lemma certified_closed:
  assumes eg: "event_graph V E lab" and r: "(a, b) \<in> (dec_edges V E lab)\<^sup>*" and a: "a \<in> certified V E lab"
  shows "b \<in> certified V E lab"
  using r a
proof (induction rule: rtrancl_induct)
  case (step y z)
  then show ?case
    using certifying_walk_extend[OF eg]
    by (auto simp: certified_def dec_edges_def) blast
qed

theorem certified_is_sink:
  assumes eg: "event_graph V E lab"
  shows "is_sink_component V E lab (certified V E lab)"
proof -
  have "certified V E lab \<subseteq> dec_nodes V lab" by (auto simp: certified_def)
  then show ?thesis
    unfolding is_sink_component_def is_scc_def
    using certified_nonempty[OF eg] certified_reachable[OF eg] certified_closed[OF eg] by blast
qed

lemma sink_component_certified:
  assumes eg: "event_graph V E lab" and C: "is_sink_component V E lab C" and a: "a \<in> C"
  shows "a \<in> certified V E lab"
proof -
  have closed: "b \<in> C" if "(a, b) \<in> (dec_edges V E lab)\<^sup>*" for b
    using that C by (induction rule: rtrancl_induct) (auto simp: is_sink_component_def a)
  obtain b where b: "b \<in> certified V E lab" using certified_nonempty[OF eg] by blast
  have "a \<in> dec_nodes V lab" using a C by (auto simp: is_sink_component_def is_scc_def)
  then have "b \<in> C" using closed certified_reachable[OF eg _ b] by blast
  then have "(b, a) \<in> (dec_edges V E lab)\<^sup>*" using a C by (auto simp: is_sink_component_def is_scc_def)
  then show ?thesis using certified_closed[OF eg _ b] by blast
qed

section \<open>Short certifying walks\<close>

text \<open>Cutting detours: a settled walk W can be replaced by a settled walk with the same node set
  and the same last node of length at most |set W|^2.  Going backwards, each new node is joined
  to the (recursively shortened) rest by a repetition-free walk of at most |set W| nodes.\<close>

lemma settled_shorten:
  "linked E W \<Longrightarrow> W \<noteq> [] \<Longrightarrow> settled g e W \<Longrightarrow>
   \<exists>W'. linked E W' \<and> W' \<noteq> [] \<and> settled g e W' \<and> set W' = set W \<and> last W' = last W \<and>
        length W' \<le> card (set W) ^ 2"
proof (induction W)
  case (Cons w ws)
  show ?case
  proof (cases "ws = []")
    case True
    then show ?thesis using Cons.prems by (intro exI[of _ "[w]"]) auto
  next
    case False
    have ws: "linked E ws" "{w, hd ws} \<in> E" "settled g e ws"
      using Cons.prems False linked_Cons by auto
    obtain ws' where ws': "linked E ws'" "ws' \<noteq> []" "settled g e ws'" "set ws' = set ws"
      "last ws' = last ws" "length ws' \<le> card (set ws) ^ 2"
      using Cons.IH[OF ws(1) False ws(3)] by blast
    show ?thesis
    proof (cases "w \<in> set ws")
      case True
      then show ?thesis using ws' False by (intro exI[of _ ws']) (auto simp: insert_absorb)
    next
      case new: False
      obtain Q where Q: "linked E Q" "Q \<noteq> []" "hd Q = hd ws" "last Q = hd ws'" "set Q \<subseteq> set ws"
        "length Q \<le> card (set ws)"
        using linked_short_prefix[OF ws(1)] ws'(2,4) hd_in_set by metis
      let ?R = "butlast Q @ ws'"
      have R: "Q @ tl ws' = ?R"
        using Q(2,4) ws'(2) by (metis append_butlast_last_id append_Cons append_assoc append_Nil list.collapse)
      have "linked E ?R" using linked_glue[OF Q(1) ws'(1) Q(2) ws'(2) Q(4)] R by simp
      moreover have "hd ?R = hd ws" using Q(2,3) R by (metis hd_append2)
      ultimately have "linked E (w # ?R)" using ws(2) ws'(2) by (subst linked_Cons) auto
      moreover have "settled g e ?R"
        using settled_prefix[OF ws'(3)] Q(5) ws'(4) by (auto dest: in_set_butlastD)
      then have "settled g e (w # ?R)"
        using Cons.prems(3) ws'(4) by auto
      moreover have "set (w # ?R) = set (w # ws)" using Q(5) ws'(4) by (auto dest: in_set_butlastD)
      moreover have "last (w # ?R) = last (w # ws)" using ws' False by simp
      moreover have "length (w # ?R) \<le> card (set (w # ws)) ^ 2"
      proof -
        have "length (w # ?R) \<le> 1 + card (set ws) + card (set ws) ^ 2" using Q(6) ws'(6) by simp
        also have "\<dots> \<le> (card (set ws) + 1) ^ 2" by (simp add: power2_eq_square)
        finally show ?thesis using new by simp
      qed
      ultimately show ?thesis by blast
    qed
  qed
qed simp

= = = = = = =

EXERCISE OBJECTIVE: Nothing but the lines from the one with "using settled_prefix[OF ws'(3)]" to the last line of the data should appear in the answer, each exactly as it stands.

REPLY TO THE TASK:
        using settled_prefix[OF ws'(3)] Q(5) ws'(4) by (auto dest: in_set_butlastD)
      then have "settled g e (w # ?R)"
        using Cons.prems(3) ws'(4) by auto
      moreover have "set (w # ?R) = set (w # ws)" using Q(5) ws'(4) by (auto dest: in_set_butlastD)
      moreover have "last (w # ?R) = last (w # ws)" using ws' False by simp
      moreover have "length (w # ?R) \<le> card (set (w # ws)) ^ 2"
      proof -
        have "length (w # ?R) \<le> 1 + card (set ws) + card (set ws) ^ 2" using Q(6) ws'(6) by simp
        also have "\<dots> \<le> (card (set ws) + 1) ^ 2" by (simp add: power2_eq_square)
        finally show ?thesis using new by simp
      qed
      ultimately show ?thesis by blast
    qed
  qed
qed simp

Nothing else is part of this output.